Chicken and waffles are available in ten different configurations. The dishes are all creatively named and differentiated mainly by the number and type of poultry pieces on the plate. For customers who prefer white meat, Betty’s Boob is essentially what it sounds like: a fried chicken breast with a waffle. For those favoring dark meat, Lil Amadi replaces the breast with a leg and a thigh. The Lo-Lo’s eponymous dish is an enormous plate of three pieces of chicken with two waffles, and other configurations include chicken smothered with gravy and onions.

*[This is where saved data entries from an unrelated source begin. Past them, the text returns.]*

lemma R8_aug_pow_2_subset: "aug_pow R8 op8 2 \<subseteq> congruence_subgroup R8 R8_congruences2"
proof (rule R8.aug_pow_2_subset_congruence_subgroup[where z = 0])
  have "\<forall>(m, w)\<in>set R8_congruences2. \<forall>a\<in>R8. \<forall>b\<in>R8.
      m dvd w (op8 a b) - w (op8 a 0) - w (op8 0 b) + w (op8 0 0)"
    unfolding R8_eq_set_upto by code_simp
  then show "m dvd w (op8 a b) - w (op8 a 0) - w (op8 0 b) + w (op8 0 0)"
    if "(m, w) \<in> set R8_congruences2" "a \<in> R8" "b \<in> R8" for m w a b
    using that by fast
qed

lemma R8_aug_pow_3_subset: "aug_pow R8 op8 3 \<subseteq> congruence_subgroup R8 R8_congruences3"
proof (rule R8.aug_pow_3_subset_congruence_subgroup[where z = 0])
  have "\<forall>(m, w)\<in>set R8_congruences3. \<forall>a\<in>R8. \<forall>b\<in>R8. \<forall>c\<in>R8.
      m dvd w (op8 (op8 a b) c) - w (op8 (op8 a b) 0) - w (op8 (op8 a 0) c) + w (op8 (op8 a 0) 0)
        - w (op8 (op8 0 b) c) + w (op8 (op8 0 b) 0) + w (op8 (op8 0 0) c) - w (op8 (op8 0 0) 0)"
    unfolding R8_eq_set_upto by code_simp
  then show "m dvd w (op8 (op8 a b) c) - w (op8 (op8 a b) 0) - w (op8 (op8 a 0) c) + w (op8 (op8 a 0) 0)
        - w (op8 (op8 0 b) c) + w (op8 (op8 0 b) 0) + w (op8 (op8 0 0) c) - w (op8 (op8 0 0) 0)"
    if "(m, w) \<in> set R8_congruences3" "a \<in> R8" "b \<in> R8" "c \<in> R8" for m w a b c
    using that by fast
qed

text \<open>Each basis vector comes with its expansion in triple products, an entry \<open>(c, a, b, d)\<close>
  standing for \<open>c ((e\<^sub>a - e\<^sub>0)(e\<^sub>b - e\<^sub>0))(e\<^sub>d - e\<^sub>0)\<close>.\<close>

definition R8_delta3_basis :: "(int list \<times> (int \<times> int \<times> int \<times> int) list) list" where
  "R8_delta3_basis =
    [([1, 0, 0, 1, 1, 2, -2, -3], [(1, 5, 2, 1), (-1, 7, 1, 1)]),
     ([0, 1, 0, 1, 0, 3, 0, -5], [(1, 1, 1, 3), (1, 5, 2, 1), (-1, 7, 1, 1)]),
     ([0, 0, 1, 1, 2, 6, -3, -7], [(1, 1, 1, 3), (1, 3, 2, 2), (-2, 7, 1, 3), (-1, 7, 1, 2)]),
     ([0, 0, 0, 2, 0, 0, 0, -2], [(1, 1, 1, 2), (-1, 7, 1, 2)]),
     ([0, 0, 0, 0, 4, 4, -4, -4], [(-2, 7, 1, 3), (1, 3, 2, 2)]),
     ([0, 0, 0, 0, 0, 8, 0, -8], [(2, 1, 1, 3), (-1, 1, 2, 1), (-2, 7, 1, 3), (1, 5, 2, 1)])]"

lemma R8_delta3_basis_in_aug_pow_3:
  assumes "(v, es) \<in> set R8_delta3_basis"
  shows "vec_of_list v \<in> aug_pow R8 op8 3"
proof -
  have "\<forall>(v, es)\<in>set R8_delta3_basis. length v = 8
      \<and> (\<forall>(c, a, b, d)\<in>set es. a \<in> R8 \<and> b \<in> R8 \<and> d \<in> R8)
      \<and> (\<forall>x\<in>R8. vec_of_list v x = diff_combination3 op8 0 es x)"
    unfolding R8_eq_set_upto by code_simp
  then have len: "length v = 8"
    and factors: "\<And>c a b d. (c, a, b, d) \<in> set es \<Longrightarrow> a \<in> R8 \<and> b \<in> R8 \<and> d \<in> R8"
    and pointwise: "\<And>x. x \<in> R8 \<Longrightarrow> vec_of_list v x = diff_combination3 op8 0 es x"
    using assms by fastforce+
  have combination: "diff_combination3 op8 0 es \<in> aug_pow R8 op8 3"
    by (rule R8.diff_combination3_in_aug_pow_3[OF _ factors]) (simp add: dihedral_carrier_def)
  have "vec_of_list v = diff_combination3 op8 0 es"
  proof (rule qring_eqI[OF _ _ pointwise])
    show "vec_of_list v \<in> qring R8"
      using len by (simp add: qring_def vec_of_list_def dihedral_carrier_def)
    show "diff_combination3 op8 0 es \<in> qring R8"
      using combination R8.aug_pow_subset_qring[of 2] by (auto simp: numeral_3_eq_3)
  qed
  with combination show ?thesis by simp
qed

lemma R8_congruences3_subset: "congruence_subgroup R8 R8_congruences3 \<subseteq> aug_pow R8 op8 3"
proof
  fix f assume "f \<in> congruence_subgroup R8 R8_congruences3"
  then have f: "f \<in> qring R8"
    and even: "f 0 + f 2 + f 4 + f 6 = 0" and odd: "f 1 + f 3 + f 5 + f 7 = 0"
    and "2 dvd f 3 - f 0 - f 1 - f 2" "4 dvd f 4 - f 0 - 2 * f 2"
      "8 dvd f 5 - f 0 - 3 * f 1 - 4 * f 2 - f 4"
    by (simp_all add: mem_R8_congruences3_iff)
  then obtain p q r where p: "f 3 - f 0 - f 1 - f 2 = 2 * p" and q: "f 4 - f 0 - 2 * f 2 = 4 * q"
    and r: "f 5 - f 0 - 3 * f 1 - 4 * f 2 - f 4 = 8 * r"
    by (meson dvdE)
  define g where "g = (\<lambda>x. \<Sum>(c, h)\<leftarrow>zip [f 0, f 1, f 2, p, q, r]
      (map (\<lambda>(v, es). vec_of_list v) R8_delta3_basis). c * h x)"
  have g: "g \<in> aug_pow R8 op8 3"
    unfolding g_def
    by (rule aug_pow_sum_list) (auto dest!: set_zip_rightD intro: R8_delta3_basis_in_aug_pow_3)
  have "f = g"
  proof (rule qring_eqI[OF f])
    show "g \<in> qring R8"
      using g R8.aug_pow_subset_qring[of 2] by (auto simp: numeral_3_eq_3)
    show "f x = g x" if "x \<in> R8" for x
      using that even odd p q r
      by (cases rule: R8_cases) (simp_all add: g_def R8_delta3_basis_def vec_of_list_def)
  qed
  with g show "f \<in> aug_pow R8 op8 3" by simp
qed

lemma R8_aug_pow_3_eq: "aug_pow R8 op8 3 = congruence_subgroup R8 R8_congruences3"
  using R8_aug_pow_3_subset R8_congruences3_subset by (rule equalityI)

These platters are all unabashed protein and starch. As appealing as those can be, a vegetable side or two is a way to add some color and nutrients to the plate. Collard greens or sauteed spinach add some greenery to the meal, while candied sweets (potatoes) are decidedly orange and full of beta-carotene. Red beans, with or without rice, showcase the role of legumes in Southern cooking. Of course, it is always possible to add yet more carbohydrates with choices like creamy mac-and-cheese, whipped potatoes, buttery grits, potato salad, or French fries.
If a break from waffles is desired, it’s still possible to obtain a large quantity and variety of food via one of Lo-Lo’s soul food platters. This build-your-own option allows the choice of fried chicken or catfish with any two sides and a cornbread muffin or biscuit, with the result being a massive platter. Alternatively, the meat can be omitted in favor of any four sides to create a colorful and bountiful vegetable plate. For seafood options beyond catfish, the decadent shrimp and grits, made with fried prawns, or the mac-and-cheese with grilled shrimp, add to the variety.

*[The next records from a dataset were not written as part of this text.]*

lemma uniform_decay_dNt_dpsi_Suc:
  assumes inv: "uniform_decay_upto waves fam_inv_n 0 m"
    and Z: "uniform_decay_upto waves fam_dNt_dpsi 0 m"
    and Nt: "uniform_decay_upto waves fam_Nt decay_rate (Suc m)"
  shows "uniform_decay waves fam_dNt_dpsi 0 (Suc m)"
proof -
  have inv2: "uniform_decay_upto waves (\<lambda>p x. fam_inv_n p x * fam_inv_n p x) 0 m"
    using inv inv by (rule uniform_decay_upto_mult) simp
  have "uniform_decay_upto waves (\<lambda>p x. fam_dNt_dpsi p x * fam_dNt_dpsi p x) 0 m"
    using Z Z by (rule uniform_decay_upto_mult) simp
  with inv2 have "uniform_decay_upto waves
      (\<lambda>p x. fam_inv_n p x * fam_inv_n p x * (fam_dNt_dpsi p x * fam_dNt_dpsi p x)) 0 m"
    by (rule uniform_decay_upto_mult) simp
  with uniform_decay_upto_deriv[OF Nt] have right: "uniform_decay_upto waves
      (\<lambda>p x. deriv (fam_Nt p) x * (fam_inv_n p x * fam_inv_n p x * (fam_dNt_dpsi p x * fam_dNt_dpsi p x))) 0 m"
    by (rule uniform_decay_upto_mult) (use decay_rate_pos in simp)
  have "uniform_decay_upto waves (\<lambda>p x. (fst p * 3 * (speed (fst p))\<^sup>2) * (fam_inv_n p x * fam_inv_n p x)) 0 m"
    using inv2 waves_coeff_bounds(6) by (rule uniform_decay_upto_cmult)
  with uniform_decay_upto_const[OF waves_coeff_bounds(7)] have left: "uniform_decay_upto waves
      (\<lambda>p x. (fst p * 3 * (speed (fst p))\<^sup>2) * (fam_inv_n p x * fam_inv_n p x) + (- (fst p * \<sigma>))) 0 m"
    by (intro uniform_decay_upto_add) auto
  have "uniform_decay waves
      (\<lambda>p x. ((fst p * 3 * (speed (fst p))\<^sup>2) * (fam_inv_n p x * fam_inv_n p x) + (- (fst p * \<sigma>)))
        * (deriv (fam_Nt p) x * (fam_inv_n p x * fam_inv_n p x * (fam_dNt_dpsi p x * fam_dNt_dpsi p x)))) 0 m"
    using uniform_decay_upto_mult[OF left right] by (rule uniform_decay_uptoD) simp_all
  then have "uniform_decay waves (\<lambda>p. deriv (fam_dNt_dpsi p)) 0 m"
    by (subst uniform_decay_cong[where g = "\<lambda>p x. ((fst p * 3 * (speed (fst p))\<^sup>2)
        * (fam_inv_n p x * fam_inv_n p x) + (- (fst p * \<sigma>))) * (deriv (fam_Nt p) x
        * (fam_inv_n p x * fam_inv_n p x * (fam_dNt_dpsi p x * fam_dNt_dpsi p x)))"])
      (simp_all add: waves_ode(5) algebra_simps)
  then show ?thesis by (rule uniform_decay_deriv[THEN iffD1])
qed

Cool Bre Bre’s Chicken Salad may sound light, and, comparatively speaking, it is. Nevertheless, it’s a huge bowl of greens topped with either grilled or fried chicken, along with an entire avocado, candied walnuts, cherry tomatoes, and bacon. For a smaller meal, Ya-Ya’s Honey Butta Chicken Biscuit is as simple as a fried chicken tender between two halves of a biscuit drizzled with honey. Pair with a side or two for a manageable meal. Another uncomplicated option is an entree of grilled chicken, shrimp, or fish paired with any two sides.

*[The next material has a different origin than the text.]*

(* Let $4\le q<\omega$ and let $\mathbf{A}$ be a Monk algebra obtained from $\mathbf{E}^{23}_q$ by splitting. Let $\mathbf{E}$ be any subalgebra of $\mathbf{E}^{23}_q$. Then $\mathbf{A}$ is a special extension of $\mathbf{E}$, i.e., for all diversity atoms $a,b,c$ of $\mathbf{E}$: (1) if not $a=b=c$ and $a;b\ge c$, then $x;y\ge c$ whenever $x,y$ are atoms of $\mathbf{A}$ with $x\le a$ and $y\le b$; and (2) if $a;a\ge a$, then $x;y\cdot a\ne 0$ whenever $x,y$ are atoms of $\mathbf{A}$ with $x,y\le a$.
   Context: Relation algebras are in the sense of Tarski; $1'$ identity, $0'$ its complement, $;$ relative product, $x^{\smile}$ converse, $\overline{x}$ Boolean complement; integral: $1'$ is an atom; symmetric: $x^{\smile}=x$ for all $x$; a diversity atom is an atom below $0'$. For $4\le q<\omega$, $\mathbf{E}^{23}_q$ is the finite symmetric integral relation algebra with $q$ atoms $e_0=1',e_1,\dots,e_{q-1}$ such that $a;b=0'$ for distinct diversity atoms $a,b$ and $a;a=\overline{a}$ for every diversity atom $a$. For atomic relation algebras $\mathbf{A},\mathbf{B}$, $\mathbf{A}$ is obtained from $\mathbf{B}$ by splitting if $\mathbf{B}\subseteq\mathbf{A}$, every atom $x$ of $\mathbf{A}$ is below an atom $c(x)$ of $\mathbf{B}$, and for all atoms $x,y\le0'$ of $\mathbf{A}$: $x;y=c(x);c(y)\cdot0'$ if $x\ne y^{\smile}$, and $x;y=c(x);c(y)$ if $x=y^{\smile}$. A Monk algebra is an atomic symmetric integral relation algebra obtained by splitting from some $\mathbf{E}^{23}_q$, $4\le q<\omega$. *)

theory Defs
  imports Main
begin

With the emphasis on waffles, it’s not surprising that Lo-Lo’s has a menu section devoted to breakfast foods that are served all day. That includes entrees such as hearty biscuits and gravy or waffles fashioned into a breakfast sandwich with eggs and meat inside. The restaurant has two signature desserts. One is a rich banana pudding made with the requisite vanilla wafer cookies. The other is a generous slice of red velvet cake, by itself a simple combination of cocoa and food coloring but made more interesting with pecans sprinkled in the frosting.
The signature beverages at Lo-Lo’s are sweet tea (although unsweetened is available) and Kool-Aid. Lo-Lo’s also has a liquor license (although not a distinct bar) that allows it to offer cocktails, beer, and wine. Most drinks, with or without alcohol, are served in voluminous mason jars. The debate over where the combination of chicken and waffles originated is far from concluded. Nevertheless, popularization of the concept in Phoenix is without a doubt the work of Lo-Lo’s, and the South Central location is as close as possible to where it started.